Annie Tagoe

Personal information
- Nationality: Great Britain
- Born: 4 June 1993 (age 33)

Sport
- Sport: Athletics
- Event: Sprint

Achievements and titles
- Personal bests: 100m: 11.43 (Manchester, 2023) 200m: 24.05 (Houston, 2023)

Medal record
Women's athletics
Representing Great Britain
World Championships
| Bronze medal – third place | 2023 Budapest | 4×100 m relay |
European U23 Championships
| Silver medal – second place | 2013 Tampere | 4×100 m relay |
European Junior Championships
| Bronze medal – third place | 2011 Tallinn | 4×100 m relay |
Summer Youth Olympics
| Bronze medal – third place | 2010 Singapore | Medley relay |

= Annie Tagoe =

British athlete

Annie Tagoe (born 4 June 1993) is a British track and field athlete who competes as a sprinter.

==Early and personal life==
Tagoe was born in Ghana and brought up in Willesden in north-west London from the age of six. Her mother is an NHS Nurse. She played for QPR Girls football team as a youngster. She was excluded from school 32 times before being introduced to the charity Track Academy, set up using money from Comic Relief. She became the England Under-17 100 metres champion, she attended Royal Central School of Speech and Drama at 18 years-old, and graduated after three years. She has also worked as a model but has spoken about racism she experienced that caused her to contemplate trying to bleach her skin lighter.

In 2010, Tagoe worked with MP Dawn Butler and musician Chipmunk on a project to help young people associate with politics.

==Career==
Tagoe represented Britain at the 2010 Summer Youth Olympics in Singapore. She won a bronze medal in the medley relay event.

She won the Outstanding Achievement Award at the UK Athletics Awards in 2009.

In 2011, she was selected for the Britain squad for the 2011 European Athletics U20 Championships in Tallinn, as part of the 4 × 100 m relay squad with Jennie Batten, Mica Moore and Bianca Williams.
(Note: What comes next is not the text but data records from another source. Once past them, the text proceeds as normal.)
(* Let $q_1=(1,1,1)$, $q_2=(-1,-1,1)$, $q_3=(-1,1,-1)$, $q_4=(1,-1,-1)$, let $t\in(0,1)$ and $q_{j+4}=tq_j$ ($j=1,\dots,4$). Place nonzero mass $\mu_1$ at each vertex $q_1,\dots,q_4$ of the outer tetrahedron and nonzero mass $\mu_2$ at each vertex $q_5,\dots,q_8$ of the inner tetrahedron. There exists $\delta\in(0,1)$ such that: if $t\in(0,\delta)$ and the configuration is central, then $\mu_1$ and $\mu_2$ have the same sign; if $t\in(\delta,1)$ and the configuration is central, then $\mu_1$ and $\mu_2$ have opposite signs.
   Context: A configuration $q=(q_1,\dots,q_N)$ of distinct points in $\mathbb{R}^3$ with masses $m_1,\dots,m_N$ is a central configuration if there exists $c\in\mathbb{R}$ such that $\sum_{j\neq i} m_j\left(\frac{1}{|q_j-q_i|^3}-c\right)(q_j-q_i)=0$ for all $i=1,\dots,N$. *)

theory Defs
  imports "HOL-Analysis.Analysis"
begin

definition central_config :: "nat \<Rightarrow> (nat \<Rightarrow> real^3) \<Rightarrow> (nat \<Rightarrow> real) \<Rightarrow> bool" where
  "central_config N q m \<longleftrightarrow> inj_on q {1..N} \<and>
     (\<exists>c::real. \<forall>i\<in>{1..N}.
        (\<Sum>j\<in>{1..N} - {i}. m j *\<^sub>R ((1 / norm (q j - q i) ^ 3 - c) *\<^sub>R (q j - q i))) = 0)"

definition tet_vertex :: "nat \<Rightarrow> real^3" where
  "tet_vertex j = (if j = 1 then vector [1, 1, 1]
                  else if j = 2 then vector [-1, -1, 1]
                  else if j = 3 then vector [-1, 1, -1]
                  else vector [1, -1, -1])"

definition nested_tet :: "real \<Rightarrow> nat \<Rightarrow> real^3" where
  "nested_tet t j = (if j \<le> 4 then tet_vertex j else t *\<^sub>R tet_vertex (j - 4))"

definition nested_mass :: "real \<Rightarrow> real \<Rightarrow> nat \<Rightarrow> real" where
  "nested_mass \<mu>1 \<mu>2 j = (if j \<le> 4 then \<mu>1 else \<mu>2)"

end

(* Eliminating c between the x-components of the equations at q_1 and at q_5 = t q_1 leaves a
   single relation \<mu>1 * outer_coeff t + \<mu>2 * inner_coeff t = 0. The coefficient of \<mu>1 is
   negative on (0,1) by a polynomial inequality, so \<mu>1 and \<mu>2 have the same sign exactly when
   inner_coeff t > 0. Now t^2 * inner_coeff t = 4 / sqrt 8 ^ 3 - scaled_mixed_force t, and
   scaled_mixed_force is strictly increasing and crosses the level 4 / sqrt 8 ^ 3 between 1/2 and
   3/5; the crossing point is \<delta>. *)

theory Submission
  imports Defs
begin

lemma strict_mono_on_threshold:
  fixes f :: "real \<Rightarrow> real"
  assumes mono: "strict_mono_on {a<..<b} f"
    and "a < p" "p < q" "q < b" "f p \<le> L" "L < f q"
  obtains \<delta> where "p \<le> \<delta>" "\<delta> \<le> q"
    "\<And>t. a < t \<Longrightarrow> t < \<delta> \<Longrightarrow> f t < L"
    "\<And>t. \<delta> < t \<Longrightarrow> t < b \<Longrightarrow> L < f t"
proof
  define S where "S = {t \<in> {a<..<b}. f t \<le> L}"
  have p: "p \<in> S"
    using assms by (simp add: S_def)
  have below_q: "s < q" if "s \<in> S" for s
  proof (rule ccontr)
    assume "\<not> s < q"
    then have "f q \<le> f s"
      using that assms(2-4) by (intro strict_mono_on_leD[OF mono]) (auto simp: S_def)
    with that assms(6) show False
      by (simp add: S_def)
  qed
  then have bdd: "bdd_above S"
    by (meson bdd_above.I less_imp_le)
  show p_le: "p \<le> Sup S"
    using p bdd by (rule cSup_upper)
  show "Sup S \<le> q"
    using p below_q by (intro cSup_least) (auto intro: less_imp_le)
  show "f t < L" if t: "a < t" "t < Sup S" for t
  proof -
    obtain s where "s \<in> S" "t < s"
      using t(2) less_cSup_iff[OF _ bdd] p by blast
    then show ?thesis
      using t(1) strict_mono_onD[OF mono, of t s] by (auto simp: S_def)
  qed
  show "L < f t" if "Sup S < t" "t < b" for t
  proof (rule ccontr)
    assume "\<not> L < f t"
    then have "t \<in> S"
      using that p_le assms(2) by (auto simp: S_def)
    then show False
      using that(1) cSup_upper[OF _ bdd] by fastforce
  qed
qed

lemma mult_add_eq_0_sgn:
  fixes a b f g :: real
  assumes "a * f + b * g = 0" "f < 0"
  shows "0 < g \<Longrightarrow> sgn a = sgn b" and "g < 0 \<Longrightarrow> sgn a = - sgn b"
proof -
  have "sgn a * sgn f = - (sgn b * sgn g)"
    using arg_cong[where f = sgn, OF assms(1)[unfolded add_eq_0_iff]] by (simp add: sgn_mult)
  then show "0 < g \<Longrightarrow> sgn a = sgn b" and "g < 0 \<Longrightarrow> sgn a = - sgn b"
    using assms(2) by simp_all
qed

lemma norm_diff_vector3:
  "norm (vector [a, b, c] - vector [a', b', c'] :: real^3) = sqrt ((a - a')^2 + (b - b')^2 + (c - c')^2)"
  by (simp add: norm_vec_def L2_set_def sum_3)

definition net_force :: "nat \<Rightarrow> (nat \<Rightarrow> real^3) \<Rightarrow> (nat \<Rightarrow> real) \<Rightarrow> real \<Rightarrow> nat \<Rightarrow> real^3" where
  "net_force N q m c i = (\<Sum>j\<in>{1..N} - {i}. m j *\<^sub>R ((1 / norm (q j - q i) ^ 3 - c) *\<^sub>R (q j - q i)))"

lemma central_config_net_force:
  "central_config N q m \<longleftrightarrow> inj_on q {1..N} \<and> (\<exists>c. \<forall>i\<in>{1..N}. net_force N q m c i = 0)"
  by (simp add: central_config_def net_force_def)

lemma nested_tet_simps:
  "nested_tet t 1 = vector [1, 1, 1]" "nested_tet t 2 = vector [-1, -1, 1]"
  "nested_tet t 3 = vector [-1, 1, -1]" "nested_tet t 4 = vector [1, -1, -1]"
  "nested_tet t 5 = vector [t, t, t]" "nested_tet t 6 = vector [-t, -t, t]"
  "nested_tet t 7 = vector [-t, t, -t]" "nested_tet t 8 = vector [t, -t, -t]"
  "nested_tet t (Suc 0) = vector [1, 1, 1]"
  by (auto simp: nested_tet_def tet_vertex_def vec_eq_iff forall_3)

(* |q_j - t q_j| and |q_j - t q_k| for distinct outer vertices q_j, q_k *)
definition radial_dist :: "real \<Rightarrow> real" where
  "radial_dist t = sqrt 3 * (1 - t)"

definition cross_dist :: "real \<Rightarrow> real" where
  "cross_dist t = sqrt (3 * t^2 + 2 * t + 3)"

lemma radial_dist_sqrt:
  assumes "t \<le> 1"
  shows "sqrt (3 * (t - 1)^2) = radial_dist t" "sqrt (3 * (1 - t)^2) = radial_dist t"
  using assms by (simp_all add: radial_dist_def real_sqrt_mult power2_commute[of t 1])

lemma cross_dist_sqrt:
  "sqrt (2 * (- t - 1)^2 + (t - 1)^2) = cross_dist t"
  "sqrt (2 * (- 1 - t)^2 + (1 - t)^2) = cross_dist t"
  unfolding cross_dist_def by (simp_all add: power2_eq_square algebra_simps)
Tagoe won a European Athletics U23 Championships silver medal for Britain in the 4 × 100 m relay alongside team-mates Corinne Humphreys, Jodie Williams, and Rachel Johncock in Tampere, Finland in 2013.

Tagoe suffered injuries that required surgery on both knees in 2014 and 2015 and prohibited her from running for a number of years. She also has arthritis in her ankle which can cause discomfort in cold conditions. Between 2020 and 2022 she only raced 17 times and moved to Houston, Texas to train under Coach Anderson.

Competing at the UK Athletics Championships in Manchester in July 2023, Tagoe was one of the fastest qualifiers for the final of the women's 100m race, behind Dina Asher-Smith. She was chosen to represent Great Britain at the 2023 World Athletics Championships in Budapest in August 2023.

In April 2024, she was selected as part of the British team for the 2024 World Athletics Relays in Nassau, Bahamas.